Astronomers have discovered a new planet that resembles our own Uranus in a binary star system 25,000 light-years away.

This is the first time anyone has spotted a twin for our so-called “ice giant” planets, Uranus and Neptune.

While Uranus and Neptune are mostly composed of hydrogen and helium, they both contain significant amounts of methane ice, which gives them their bluish appearance.

Given that the newly discovered planet is so far away, astronomers can’t actually tell anything about its composition.

But its distance from its star suggests that it’s an ice giant — and since the planet’s orbit resembles that of Uranus, the astronomers are considering it to be a Uranus analog.

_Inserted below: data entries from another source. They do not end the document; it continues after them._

theorem proposition2p4:
  fixes X :: "'a::euclidean_space set"
  assumes "open X" and "bounded X" and "X \<noteq> {}"
  shows "(\<forall>(F :: nat \<Rightarrow> 'a \<Rightarrow> 'a) F0 xs x \<eta>s \<eta>.
            (\<forall>k. in_Ccm X (F k)) \<and> in_Ccm X F0 \<and> (\<lambda>k. s_vec X (F k) F0) \<longlonglongrightarrow> 0 \<and>
            (\<forall>k. xs k \<in> X) \<and> x \<in> X \<and> xs \<longlonglongrightarrow> x \<and> \<eta>s \<longlonglongrightarrow> \<eta> \<and>
            (\<forall>k. \<eta>s k \<in> cls_value X (F k) (xs k))
            \<longrightarrow> \<eta> \<in> cls_value X F0 x)
       \<and> (\<forall>(F :: nat \<Rightarrow> 'a \<Rightarrow> 'a) F0 xs x \<eta>s \<eta>.
            (\<forall>k. in_Cae X (F k)) \<and> in_Cae X F0 \<and> (\<lambda>k. r_vec X (F k) F0) \<longlonglongrightarrow> 0 \<and>
            (\<forall>k. xs k \<in> X) \<and> x \<in> X \<and> xs \<longlonglongrightarrow> x \<and> \<eta>s \<longlonglongrightarrow> \<eta> \<and>
            (\<forall>k. \<eta>s k \<in> cls_value X (F k) (xs k))
            \<longrightarrow> \<eta> \<in> cls_value X F0 x)"
  using mem_cls_value_if_s_vec_converges[OF assms(1,2)] mem_cls_value_if_r_vec_converges[OF assms(1,2)]
  by blast

end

The newly discovered planet leads a turbulent existence: it orbits one star in a binary star system, with the other star close enough to disturb the planet’s orbit.

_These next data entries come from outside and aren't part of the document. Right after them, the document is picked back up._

(* Let $\mathcal{S}=D_S\cup A\cup B$ with $D_S=\{0_20_2\rhd'\to 0_3\rhd',\ 1_20_2\rhd'\to\rhd',\ 1_2\rhd'\to2_3\rhd'\}$, and let $\mathcal{S}_1=\mathcal{S}\setminus\{0_20_2\rhd'\to0_3\rhd'\}$ and $\mathcal{S}_2=\mathcal{S}\setminus\{1_20_2\rhd'\to\rhd'\}$. Then (1) $\mathcal{S}_1$ is terminating if and only if every nonconvergent $S$-trajectory contains some $n\equiv1\pmod 8$; (2) $\mathcal{S}_2$ is terminating if and only if every nonconvergent $S$-trajectory contains some $n\equiv5\pmod8$.
   Context: $\mathbb{N}_{\mathrm{odd}}=\{1,3,5,\dots\}$ and $S:\mathbb{N}_{\mathrm{odd}}\to\mathbb{N}_{\mathrm{odd}}$ is $S(n)=(3n+1)/4$ if $n\equiv1\pmod8$, $S(n)=(n-1)/4$ if $n\equiv5\pmod 8$, $S(n)=(3n+1)/2$ if $n\equiv3\pmod4$. The $S$-trajectory of $n$ is $(n,S(n),S^2(n),\dots)$; it is nonconvergent if it does not contain $1$. An SRS induces $u\ell v\to urv$; terminating means no infinite rewrite sequence. Alphabet $\{0_2,1_2,0_3,1_3,2_3,\lhd,\rhd'\}$ (intended reading $\rhd'(x)=2x+1$); $A=\{0_20_3\to0_30_2,\ 0_21_3\to0_31_2,\ 0_22_3\to1_30_2,\ 1_20_3\to1_31_2,\ 1_21_3\to2_30_2,\ 1_22_3\to2_31_2\}$; $B=\{\lhd0_3\to\lhd1_2,\ \lhd1_3\to\lhd0_20_2,\ \lhd2_3\to\lhd0_21_2\}$. *)

theory Defs
  imports Main
begin

definition S :: "nat \<Rightarrow> nat" where
  "S n = (if n mod 8 = 1 then (3 * n + 1) div 4
          else if n mod 8 = 5 then (n - 1) div 4
          else (3 * n + 1) div 2)"

definition traj_contains :: "nat \<Rightarrow> nat \<Rightarrow> bool" where
  "traj_contains n m \<longleftrightarrow> (\<exists>k. (S ^^ k) n = m)"

definition nonconvergent :: "nat \<Rightarrow> bool" where
  "nonconvergent n \<longleftrightarrow> \<not> traj_contains n 1"

datatype sym = Z2 | O2 | Z3 | O3 | T3 | Lhd | Rhd'

type_synonym srs = "(sym list \<times> sym list) set"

The find may help solve a mystery about the origins of the ice giants in our solar system, said Andrew Gould, professor of astronomy at Ohio State University.

“Nobody knows for sure why Uranus and Neptune are located on the outskirts of our solar system, when our models suggest that they should have formed closer to the Sun,” Gould said.

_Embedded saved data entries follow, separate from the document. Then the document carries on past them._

lemma generator_ne_zero:
  fixes \<gamma> :: "'a :: {field, finite}"
  assumes gen: "\<forall>x :: 'a. x \<noteq> 0 \<longrightarrow> (\<exists>k :: nat. x = \<gamma> ^ k)"
    and card: "card (UNIV :: 'a set) > 2"
  shows "\<gamma> \<noteq> 0"
proof
  assume "\<gamma> = 0"
  then have "(UNIV :: 'a set) \<subseteq> {0, 1}"
    using gen by (auto simp: zero_power)
  then have "card (UNIV :: 'a set) \<le> 2"
    by (metis card_2_iff card_mono finite.emptyI finite.insertI zero_neq_one)
  with card show False by simp
qed

lemma inj_on_generator_power:
  fixes \<gamma> :: "'a :: {field, finite}"
  assumes gen: "\<forall>x :: 'a. x \<noteq> 0 \<longrightarrow> (\<exists>k :: nat. x = \<gamma> ^ k)"
    and "\<gamma> \<noteq> 0"
  shows "inj_on (\<lambda>k. \<gamma> ^ k) {..<card (UNIV :: 'a set) - 1}"
proof (rule eq_card_imp_inj_on)
  let ?N = "card (UNIV :: 'a set) - 1"
  have "card (UNIV :: 'a set) \<ge> 2"
    using card_mono[of UNIV "{0, 1 :: 'a}"] by simp
  then have "k mod ?N < ?N" for k
    by simp
  have "(\<lambda>k. \<gamma> ^ k) ` {..<?N} = UNIV - {0}"
  proof
    show "(\<lambda>k. \<gamma> ^ k) ` {..<?N} \<subseteq> UNIV - {0}"
      using \<open>\<gamma> \<noteq> 0\<close> by auto
    show "UNIV - {0} \<subseteq> (\<lambda>k. \<gamma> ^ k) ` {..<?N}"
    proof
      fix x :: 'a
      assume "x \<in> UNIV - {0}"
      then obtain k where "x = \<gamma> ^ (k mod ?N)"
        using gen power_mod_card_minus_one[OF \<open>\<gamma> \<noteq> 0\<close>] by auto
      with \<open>k mod ?N < ?N\<close> show "x \<in> (\<lambda>k. \<gamma> ^ k) ` {..<?N}"
        by blast
    qed
  qed
  then show "card ((\<lambda>k. \<gamma> ^ k) ` {..<?N}) = card {..<?N}"
    by (simp add: card_Diff_singleton)
qed simp

lemma generator_power_not_power:
  fixes \<gamma> y :: "'a :: {field, finite}"
  assumes gen: "\<forall>x :: 'a. x \<noteq> 0 \<longrightarrow> (\<exists>k :: nat. x = \<gamma> ^ k)"
    and dvd: "(q - 1) dvd (card (UNIV :: 'a set) - 1)"
    and t: "0 < t" "t < q - 1"
  shows "\<gamma> ^ t \<noteq> y ^ (q - 1)"
proof
  assume eq: "\<gamma> ^ t = y ^ (q - 1)"
  let ?N = "card (UNIV :: 'a set) - 1"
  obtain M where M: "?N = M * (q - 1)"
    using dvd by (metis dvd_def mult.commute)
  have "?N \<noteq> 0"
    using card_mono[of UNIV "{0, 1 :: 'a}"] by simp
  then have "q - 1 \<le> ?N"
    using dvd by (simp add: dvd_imp_le)
  then have "\<gamma> \<noteq> 0"
    using t by (intro generator_ne_zero[OF gen]) simp
  then have "y \<noteq> 0"
    using eq t by (auto simp: zero_power)
  then obtain u where "y = \<gamma> ^ u"
    using gen by blast
  then have "\<gamma> ^ t = \<gamma> ^ ((u * (q - 1)) mod ?N)"
    using eq power_mod_card_minus_one[OF \<open>\<gamma> \<noteq> 0\<close>] by (simp add: power_mult)
  moreover have "t < ?N" "(u * (q - 1)) mod ?N < ?N"
    using t \<open>q - 1 \<le> ?N\<close> \<open>?N \<noteq> 0\<close> by simp_all
  ultimately have "t = (u * (q - 1)) mod ?N"
    using inj_on_generator_power[OF gen \<open>\<gamma> \<noteq> 0\<close>] by (auto dest: inj_onD)
  also have "\<dots> = u mod M * (q - 1)"
    unfolding M by (rule mod_mult_mult2)
  finally show False
    using t by (cases "u mod M") auto
qed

“One idea is that they did form much closer, but were jostled around by Jupiter and Saturn and knocked farther out.

“Maybe the existence of this Uranus-like planet is connected to interference from the second star. Maybe you need some kind of jostling to make planets like Uranus and Neptune,” he said.

The binary star system lies in our Milky Way galaxy, in the direction of Sagittarius. The first star is about two thirds as massive as our Sun, and the second star is about one sixth as massive.

The planet is four times as massive as Uranus, but it orbits the first star at almost exactly the same distance as Uranus orbits our Sun.

An international research team led by Radek Poleski, postdoctoral researcher at The Ohio State University, spotted the solar system due to a phenomenon called gravitational microlensing — when the gravity of a star focuses the light from a more distant star and magnifies it like a lens.

Very rarely, the signature of a planet orbiting the lens star appears within that magnified light signal.

In this case, there were two separate microlensing events, one in 2008 that revealed the main star and suggested the presence of the planet, and one in 2010 that confirmed the presence of the planet and revealed the second star.

Both observations were done with the 1.3-metre Warsaw Telescope at Las Campanas Observatory in Chile as part of the Optical Gravitational Lensing Experiment (OGLE).

The study was published in The Astrophysical Journal.